Voon Noor Shatirah, Manan Hanani Abdul, Yahya Noorazrul
Diagnostic Imaging and Radiotherapy, Faculty of Health Sciences, National University of Malaysia, Jalan Raja Muda Aziz, 50300, Kuala Lumpur, Malaysia.
Functional Image Processing Laboratory, Department of Radiology, University Kebangsaan Malaysia Medical Centre, Cheras, 56000, Kuala Lumpur, Malaysia.
Strahlenther Onkol. 2022 May;198(5):409-426. doi: 10.1007/s00066-022-01905-6. Epub 2022 Mar 3.
Diffusion tensor imaging (DTI) can detect subtle manifestations of white matter (WM) injury following paediatric radiotherapy, which may be a potential biomarker for cognitive changes. This study aimed to synthesise the relationships between DTI indices and cognitive changes following paediatric radiotherapy through systematic review and meta-analysis. PubMed and Scopus electronic databases were used to identify eligible studies. Quality assessment was performed using the National Institute of Health (NIH) Quality Assessment Tool for Observational Cohort and Cross-Sectional Studies. Information on demographics, DTI changes, and associations to cognitive outcomes were extracted. Meta-analyses were performed on DTI changes in specific anatomical locations. Preferred Reporting Items for Systematic Reviews and Meta-Analyses (PRISMA) guidelines were followed in the preparation of this report. Eighteen studies were included (median study size: 21; range 18-146). 17/18 studies showed significant cognitive decline following irradiation. Meta-analyses found significant cognitive changes within patient's group of acute lymphoblastic leukaemia (ALL; standard mean differences [SMD] = -0.075, P = 0.01) and brain tumours (BT; SMD = -1.037, P ≤ 0.001) compared to control/baseline. Both groups also had significantly lower fractional anisotropy (FA) scores in the corpus callosum (ALL: SMD = -0.979, P = 0.002; BT: SMD = -1.025, P < 0.001). Decreased FA was consistently associated with cognitive decline. Correlation on WMFA integrity to cognitive domains was statistically significant (Z = 9.86, P < 0.001) with a large effect size (r = 0.52). White matter tract integrity of the corpus callosum measured with FA has the potential to be a biomarker for radiotherapy-related cognitive decline. Inclusion of DTI in follow-up imaging should be encouraged.

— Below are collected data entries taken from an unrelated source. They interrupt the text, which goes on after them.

lemma peak_pit_condorcet_domain:
  assumes "is_domain n D" and "peak_pit n D"
  shows "condorcet_domain n D"
  unfolding condorcet_domain_def
proof (intro conjI allI impI ballI)
  show "is_domain n D" by fact
next
  fix P a b c
  assume P: "set P \<subseteq> D \<and> odd (length P)" and abc: "a \<in> {1..n}" "b \<in> {1..n}" "c \<in> {1..n}"
    and ab_bc: "majority P a b \<and> majority P b c"
  have orders: "\<forall>L\<in>set P. distinct L \<and> {a, b, c} \<subseteq> set L"
    using P abc assms(1) unfolding is_domain_def is_linorder_def by auto
  show "majority P a c"
  proof (rule ccontr)
    assume "\<not> majority P a c"
    have "a \<noteq> b" "b \<noteq> c" using ab_bc orders not_majority_self by auto
    moreover have "a \<noteq> c" using ab_bc orders majority_asym by blast
    ultimately have "distinct [a, b, c]" by simp
    moreover have "majority P c a"
      using majority_complete[OF _ \<open>a \<noteq> c\<close>] orders P \<open>\<not> majority P a c\<close> by simp
    ultimately show False
      using peak_pit_no_majority_cycle[OF assms(2) _ orders] P abc ab_bc by auto
  qed
qed

section \<open>The domain of an alternating never-condition scheme\<close>

definition scheme_1N3 :: "nat \<Rightarrow> nat \<Rightarrow> nat \<Rightarrow> bool" where
  "scheme_1N3 i j k \<longleftrightarrow> (if odd j then odd i \<or> even k else even i \<and> odd k)"

text \<open>The domain lives on \<open>1..n\<close>, the scheme on \<open>0..n-1\<close>.\<close>

definition scheme_domain :: "nat \<Rightarrow> nat list set" where
  "scheme_domain n = {L. is_linorder n L \<and> (\<forall>a b c. 1 \<le> a \<and> a < b \<and> b < c \<and> c \<le> n \<longrightarrow>
      (if scheme_1N3 (a - 1) (b - 1) (c - 1) then never_cond {L} a b c 1 3
       else never_cond {L} a b c 3 1))}"

lemma scheme_domain_peak_pit: "peak_pit n (scheme_domain n)"
  unfolding peak_pit_def
proof (intro allI impI)
  fix a b c assume abc: "1 \<le> a \<and> a < b \<and> b < c \<and> c \<le> n"
  then have "\<forall>L\<in>scheme_domain n. if scheme_1N3 (a - 1) (b - 1) (c - 1)
      then never_cond {L} a b c 1 3 else never_cond {L} a b c 3 1"
    unfolding scheme_domain_def by blast
  then show "\<exists>x\<in>{1, 2, 3}.
      never_cond (scheme_domain n) a b c x 3 \<or> never_cond (scheme_domain n) a b c x 1"
    unfolding never_cond_def by (cases "scheme_1N3 (a - 1) (b - 1) (c - 1)") auto
qed

lemma scheme_domain_condorcet: "condorcet_domain n (scheme_domain n)"
  by (rule peak_pit_condorcet_domain[OF _ scheme_domain_peak_pit])
    (auto simp: is_domain_def scheme_domain_def)

lemma finite_linorders: "finite {L. is_linorder n L}"
proof (rule finite_subset)
  show "{L. is_linorder n L} \<subseteq> {L. set L \<subseteq> {1..n} \<and> length L = n}"
    unfolding is_linorder_def using distinct_card by fastforce
qed (simp add: finite_lists_length_eq)

lemma finite_condorcet_domains: "finite {D. condorcet_domain n D}"
  by (rule finite_subset[of _ "Pow {L. is_linorder n L}"])
    (auto simp: condorcet_domain_def is_domain_def finite_linorders)

lemma card_scheme_domain_le_h_max: "card (scheme_domain n) \<le> h_max n"
  unfolding h_max_def
  using finite_condorcet_domains scheme_domain_condorcet scheme_domain_peak_pit
  by (intro Max_ge) auto

lemma h_max_le_f_max: "h_max n \<le> f_max n"
  unfolding h_max_def f_max_def
  using finite_condorcet_domains scheme_domain_condorcet scheme_domain_peak_pit
  by (intro Max_mono) auto

definition admissible_after :: "nat set \<Rightarrow> nat \<Rightarrow> bool" where
  "admissible_after P e \<longleftrightarrow>
     (\<forall>i j. i < j \<longrightarrow> j < e \<longrightarrow> \<not> scheme_1N3 i j e \<longrightarrow> i \<in> P \<or> j \<in> P) \<and>
     (\<forall>j k. e < j \<longrightarrow> j < k \<longrightarrow> scheme_1N3 e j k \<longrightarrow> \<not> (j \<in> P \<and> k \<in> P))"

fun admissible_suffix :: "nat \<Rightarrow> nat set \<Rightarrow> nat list \<Rightarrow> bool" where
  "admissible_suffix n P [] \<longleftrightarrow> P = {..<n}"
| "admissible_suffix n P (e # L) \<longleftrightarrow>
     e < n \<and> e \<notin> P \<and> admissible_after P e \<and> admissible_suffix n (insert e P) L"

弥散张量成像(DTI)能够检测小儿放疗后白质(WM)损伤的细微表现,这可能是认知变化的一个潜在生物标志物。本研究旨在通过系统评价和荟萃分析,综合小儿放疗后DTI指标与认知变化之间的关系。使用PubMed和Scopus电子数据库来识别符合条件的研究。采用美国国立卫生研究院(NIH)观察性队列和横断面研究质量评估工具进行质量评估。提取有关人口统计学、DTI变化以及与认知结果关联的信息。对特定解剖部位的DTI变化进行荟萃分析。本报告的撰写遵循系统评价和荟萃分析的首选报告项目(PRISMA)指南。纳入了18项研究(研究规模中位数:21;范围18 - 146)。17/18项研究显示放疗后存在显著的认知衰退。荟萃分析发现,与对照组/基线相比,急性淋巴细胞白血病(ALL)患者组(标准化均数差[SMD] = -0.075,P = 0.01)和脑肿瘤(BT)患者组(SMD = -1.037,P≤0.001)存在显著的认知变化。两组胼胝体的分数各向异性(FA)得分也均显著降低(ALL:SMD = -0.979,P = 0.002;BT:SMD = -1.025,P < 0.001)。FA降低始终与认知衰退相关。白质FA完整性与认知领域的相关性具有统计学意义(Z = 9.86,P < 0.001),效应量较大(r = 0.52)。用FA测量的胼胝体白质束完整性有可能成为放疗相关认知衰退的生物标志物。应鼓励在随访成像中纳入DTI。